I ordered new cut off glue point's where I can go up to 110-150gr head... will test them later. Some day will test also 90gr and how they fly.
Should get some more speed with Reckoning but we'll see that when bow arrives.


----------



## GMtech

I've been out of archery 20 years and just picked up a new bow and was shocked on the arrow prices. Purchased 1/2 dozen ACC shafts (great arrow 20 years ago) and fletched them. Wasted one of them on my first time out hitting something hard in one of the bales (pushed the point into the shaft), now came across the Victory Vaps V6 and ordered a dozen cause they are bout 1/2 the price of the ACC.


----------



## Unclegus

Been shooting VAP's since 2010. Can't imagine shooting anything else. Be sure to use nock pins.


----------



## gumboman

> Been shooting VAP's since 2010. Can't imagine shooting anything else. Be sure to use nock pins.


What are the benefits to using pin nocks? Don't they require the metal bushing? This adds cost and weight.


----------



## Unclegus

Yes, they require a bushing and pin nocks. I hated the cost, and only used G nocks. After splitting the ends of a couple of dozen, it finally sunk in. Been using them for about four years and haven't lost one yet. although I have replaced a boat load of nocks and pins.


----------



## Tipe

gumboman said:


> What are the benefits to using pin nocks? Don't they require the metal bushing? This adds cost and weight.

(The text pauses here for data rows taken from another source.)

lemma sum_indicator_grid:
  fixes xs :: "nat \<Rightarrow> real" assumes "mono xs"
  shows "(\<Sum>p\<in>{..<N} \<times> {..<N}. indicator
      ({xs (fst p)<..xs (Suc (fst p))} \<times> {xs (snd p)<..xs (Suc (snd p))}) z)
    = (indicator ({xs 0<..xs N} \<times> {xs 0<..xs N}) z :: real)"
proof -
  have "(\<Sum>p\<in>{..<N} \<times> {..<N}.
        indicator ({xs (fst p)<..xs (Suc (fst p))} \<times> {xs (snd p)<..xs (Suc (snd p))}) z)
      = (\<Sum>j<N. \<Sum>k<N.
        indicator {xs j<..xs (Suc j)} (fst z) * indicator {xs k<..xs (Suc k)} (snd z) :: real)"
    unfolding indicator_times sum.cartesian_product
    by (intro sum.cong refl) (auto split: prod.splits)
  also have "\<dots> = (\<Sum>j<N. indicator {xs j<..xs (Suc j)} (fst z))
      * (\<Sum>k<N. indicator {xs k<..xs (Suc k)} (snd z))"
    by (simp add: sum_product)
  finally show ?thesis
    unfolding sum_indicator_intervals[OF assms] by (simp add: indicator_times)
qed

lemma (in finite_measure) integral_sum_indicator:
  assumes "\<And>p. C p \<in> sets M"
  shows "(\<integral>z. (\<Sum>p\<in>I. v p * indicator (C p) z) \<partial>M) = (\<Sum>p\<in>I. v p * measure M (C p))"
proof -
  have "integrable M (indicator (C p) :: _ \<Rightarrow> real)" for p
    using assms by (intro integrable_real_indicator) (auto simp: emeasure_eq_measure)
  then show ?thesis
    using assms by (subst Bochner_Integration.integral_sum) (auto simp: sets.Int_space_eq2)
qed

lemma integral_diff_bound_outside:
  fixes \<nu> :: "(real \<times> real) measure" and h s :: "real \<times> real \<Rightarrow> real"
  assumes "prob_space \<nu>" "sets \<nu> = sets borel"
    and hm: "h \<in> borel_measurable borel" and sm: "s \<in> borel_measurable borel"
    and hb: "\<And>z. \<bar>h z\<bar> \<le> K" and sb: "\<And>z. \<bar>s z\<bar> \<le> K'"
    and Bm: "B \<in> sets borel"
    and hs: "\<And>z. \<bar>h z - s z\<bar> \<le> \<epsilon> + K * (1 - indicator B z)"
  shows "\<bar>(\<integral>z. h z \<partial>\<nu>) - (\<integral>z. s z \<partial>\<nu>)\<bar> \<le> \<epsilon> + K * (1 - measure \<nu> B)"
proof -
  interpret prob_space \<nu> by fact
  have hm': "h \<in> borel_measurable \<nu>" by (subst measurable_cong_sets[OF assms(2) refl]) (rule hm)
  have sm': "s \<in> borel_measurable \<nu>" by (subst measurable_cong_sets[OF assms(2) refl]) (rule sm)
  have Bm': "B \<in> sets \<nu>" using Bm assms(2) by simp
  have ih: "integrable \<nu> h" by (rule integrable_const_bound[of _ K]) (use hb hm' in auto)
  have iS: "integrable \<nu> s" by (rule integrable_const_bound[of _ K']) (use sb sm' in auto)
  have iB: "integrable \<nu> (\<lambda>z. \<epsilon> + K * (1 - indicator B z))"
    using Bm'
    by (intro Bochner_Integration.integrable_add integrable_const integrable_real_indicator
        Bochner_Integration.integrable_mult_right Bochner_Integration.integrable_diff)
       (auto simp: emeasure_eq_measure)
  have "\<bar>(\<integral>z. h z \<partial>\<nu>) - (\<integral>z. s z \<partial>\<nu>)\<bar> = \<bar>\<integral>z. h z - s z \<partial>\<nu>\<bar>"
    using ih iS by simp
  also have "\<dots> \<le> (\<integral>z. \<epsilon> + K * (1 - indicator B z) \<partial>\<nu>)"
    by (rule integral_abs_bound_integral[OF Bochner_Integration.integrable_diff[OF ih iS] iB hs])
  also have "\<dots> = \<epsilon> + K * (1 - measure \<nu> B)"
  proof -
    have "(\<integral>z. \<epsilon> + K * (1 - indicator B z) \<partial>\<nu>) = \<epsilon> + K * (1 - (\<integral>z. indicator B z \<partial>\<nu>))"
      using Bm' prob_space by (simp add: emeasure_eq_measure)
    also have "(\<integral>z. indicator B z \<partial>\<nu>) = measure \<nu> B" using Bm' by (simp add: sets.Int_space_eq2)
    finally show ?thesis .
  qed
  finally show ?thesis .
qed

lemma step_function_approximation:
  fixes h :: "'a \<Rightarrow> real"
  assumes partition: "\<And>z. (\<Sum>p\<in>I. indicator (C p) z :: real) = indicator S z"
    and cells: "\<And>p. p \<in> I \<Longrightarrow> C p \<subseteq> S"
    and close: "\<And>p z. p \<in> I \<Longrightarrow> z \<in> C p \<Longrightarrow> \<bar>h z - v p\<bar> \<le> \<epsilon>"
    and hK: "\<And>z. \<bar>h z\<bar> \<le> K" and \<epsilon>: "\<epsilon> \<ge> 0"
  shows "\<bar>h z - (\<Sum>p\<in>I. v p * indicator (C p) z)\<bar> \<le> \<epsilon> + K * (1 - indicator S z)"
proof (cases "z \<in> S")
  case True
  then have one: "(\<Sum>p\<in>I. indicator (C p) z :: real) = 1" using partition by simp
  have "\<bar>h z - (\<Sum>p\<in>I. v p * indicator (C p) z)\<bar> = \<bar>\<Sum>p\<in>I. (h z - v p) * indicator (C p) z\<bar>"
    using one by (simp add: algebra_simps sum_subtractf sum_distrib_left[symmetric])
  also have "\<dots> \<le> (\<Sum>p\<in>I. \<epsilon> * indicator (C p) z)"
  proof (intro order_trans[OF sum_abs sum_mono])
    fix p assume "p \<in> I"
    then show "\<bar>(h z - v p) * indicator (C p) z\<bar> \<le> \<epsilon> * indicator (C p) z"
      using close[of p z] by (auto simp: indicator_def)
  qed
  also have "\<dots> = \<epsilon>" using one by (simp add: sum_distrib_left[symmetric])
  finally show ?thesis using True by simp
next
  case False
  then have "indicator (C p) z = (0::real)" if "p \<in> I" for p
    using cells[OF that] by (auto simp: indicator_def)
  then show ?thesis using False hK[of z] \<epsilon> by simp
qed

Yesterday's 3D competition I would loose 2 arrows if there was no pin nocks.
Shot too tight group. Now just changed pin's what are damaged and new nocks and those arrows are good to go again.

For hunting, there's no benefit, but competition or target arcehry that's best arrow protection what U can have.


----------



## blademan

VAPs with pins and pin nocks are awesome. Very hard to destroy one when shooting target. They also fit nicely inside an Easton x 10!


----------



## Tipe

And one arrow saved again, this time Victory 3DHV.
Did shoot 75m testing different vane configurations.


----------



## guidoTRX

I shoot the victory VAP elite V1 target arrow. 400 spine with 100gr top hat points. cut to 28". total comes to 324gr with a spine of 392. i love these arrows for outdoor shoots.


----------



## feelinfine

I have VAP Sport - great value for money. Only complaint is from other archers who try to pull out my arrows - the flared inserts can make it difficult to pull out of high-density targets.


----------